Qualcomm recently showed an AI demo of video encoding and decoding on a mobile device. It employed neural codecs, which offer versatility and customization for specific video requirements. Optimization for perceptual quality using generative AI advancements provide new modalities and compatibility with general-purpose AI hardware. Employing neural codecs on compute-constrained devices poses significant challenges. Qualcomm developed a neural interframe video compression architecture that enables on-device coding of 1080p videos.
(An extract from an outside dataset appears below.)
(* Let $L\in4\mathbb{N}$, $t,m>0$ and $|U|$ small enough uniformly in $L$. For $(a,b)\in\{\pm1\}^2$ and a gauge-field configuration $\bm\sigma\in\{\pm1\}^{\text{edges}}$ with product $-1$ around every plaquette and products $a$, $b$ along $\mathcal{C}_1$, $\mathcal{C}_2$, let $$|\Omega_{ab}\rangle=\prod_{i\in\Gamma_L}\Big(\frac{1+Q_i}{2}\Big)|\psi_{\bm\sigma}\rangle\otimes|\bm\sigma\rangle .$$ Then: (1) $|\Omega_{ab}\rangle\in\mathcal{H}^{\rm phys}$; (2) $|\Omega_{ab}\rangle$ depends only on the choice of the background holonomies $(a,b)$, i.e. not on the representative $\bm\sigma$ of the gauge class (for gauge-equivalent $\bm\sigma'=A_\Lambda\bm\sigma$, $\Lambda\subset\Gamma_L$, with the ground state chosen as $|\psi_{\bm\sigma'}\rangle=(-1)^{N_\Lambda}|\psi_{\bm\sigma}\rangle$, the resulting vector is the same); (3) $|\Omega_{ab}\rangle\ne0$.
   Context: $\Gamma_L=\mathbb{Z}_L^2$ periodic square lattice; $\mathcal{C}_1$ (horizontal) and $\mathcal{C}_2$ (vertical) fixed non-contractible cycles. $\mathcal{F}_L$ fermionic Fock space over $\ell^2(\Gamma_L\times\{\uparrow,\downarrow\})$ with CAR operators $a^\pm_{i,\eta}$, $n_i=\sum_\eta a^+_{i,\eta}a^-_{i,\eta}$, $N_\Lambda=\sum_{i\in\Lambda}n_i$. $\mathcal{H}_L=\mathcal{F}_L\otimes\bigotimes_{\text{edges}}\mathbb{C}^2$ with Pauli matrices $\hat\sigma^x_{ij},\hat\sigma^z_{ij}$ on edge $\{i,j\}$; $|\bm\sigma\rangle$ is the common eigenvector of all $\hat\sigma^z_{ij}$ with eigenvalues $\sigma_{ij}$. $A_i=\prod_{j\sim i}\hat\sigma^x_{ij}$, $A_\Lambda=\prod_{i\in\Lambda}A_i$, $Q_i=A_i(-1)^{n_i}$; $\mathcal{H}^{\rm phys}=\{\Psi\in\mathcal{H}_L:Q_i\Psi=\Psi\ \forall i\}$. $|\psi_{\bm\sigma}\rangle$ is the unique ground state on $\mathcal{F}_L$ of $$H(\bm\sigma)=-t\sum_{\{i,j\}}\sum_\eta\big(a^+_{i,\eta}\sigma_{ij}a^-_{j,\eta}+\mathrm{h.c.}\big)+m\sum_i(-1)^{i_1+i_2}n_i+U\sum_i\Big(n_{i,\uparrow}-\tfrac12\Big)\Big(n_{i,\downarrow}-\tfrac12\Big).$$ *)

theory Defs
  imports Complex_Main
begin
An AI demo run by Qualcomm showed encoding and decoding of 1080p videos on a mobile device. Using neural codecs provided flexibility, enabling customization for specific video needs, optimization for perceptual quality using generative AI advancements, compatibility with various AI hardware, and the potential for expansion into new modalities. However, implementing neural codecs on devices with limited computational resources presents significant challenges.
To address the challenges of computational workloads in a mobile device, Qualcomm’s researchers developed an innovative and efficient neural interframe video compression architecture. The breakthrough offers the promise of enabling on-device coding of 1080p videos. The demo effectively demonstrates the neural video codec’s ability to faithfully preserve the intricate visual details and complex motions found in high-quality videos.
Existing neural video codecs are not designed for the practical YUV color space. They need expensive motion compensation methods and use a theoretical bit rate or slow entropy coding. They also use expensive (in terms of compute) floating-point operations. All of that is a major challenge to implementing them on a battery-constrained device like a smartphone.
Qualcomm has a different approach.
Qualcomm claims to have a full-stack approach to video encoding. The company designed a novel, efficient neural interframe video compression architecture for YUV420 video. Then they implemented on-device motion compensation using Snapdragon processors and developed a parallel entropy algorithm using multithread concurrency. They also improved inference efficiency by quantizing the network weave using their AI modeling tool kit’s quantization-aware training.
Here’s how the demo works: First, the user records a 1080p video on the smartphone. Qualcomm encodes the video using parallel entropy coding of the bitstream on the GPU. To play back the recorded video in real time, the bit stream is processed by entropy decoding, also on the GPU and the decoder network. And its’ all done on a Snapdragon 8 Gen 2 mobile device.
The result was the first (claims Qualcomm) demonstration of a real-time YUV420 neural codec on a mobile device at or greater than 30 FPS and 6Mb/s to 7Mb/s.
What do we think?
Qualcomm has been the leader in ultrahigh-resolution cameras in smartphones. Showing 1080p recording and playback in real time (i.e., >30 FPS) is just the beginning. There are lots more pixels where they came from, and the Snapdragon has several nifty processors to play AI and compression tricks with. We can expect more in this area from the company. Apple is going to be challenged to make the M2 sing and dance like this.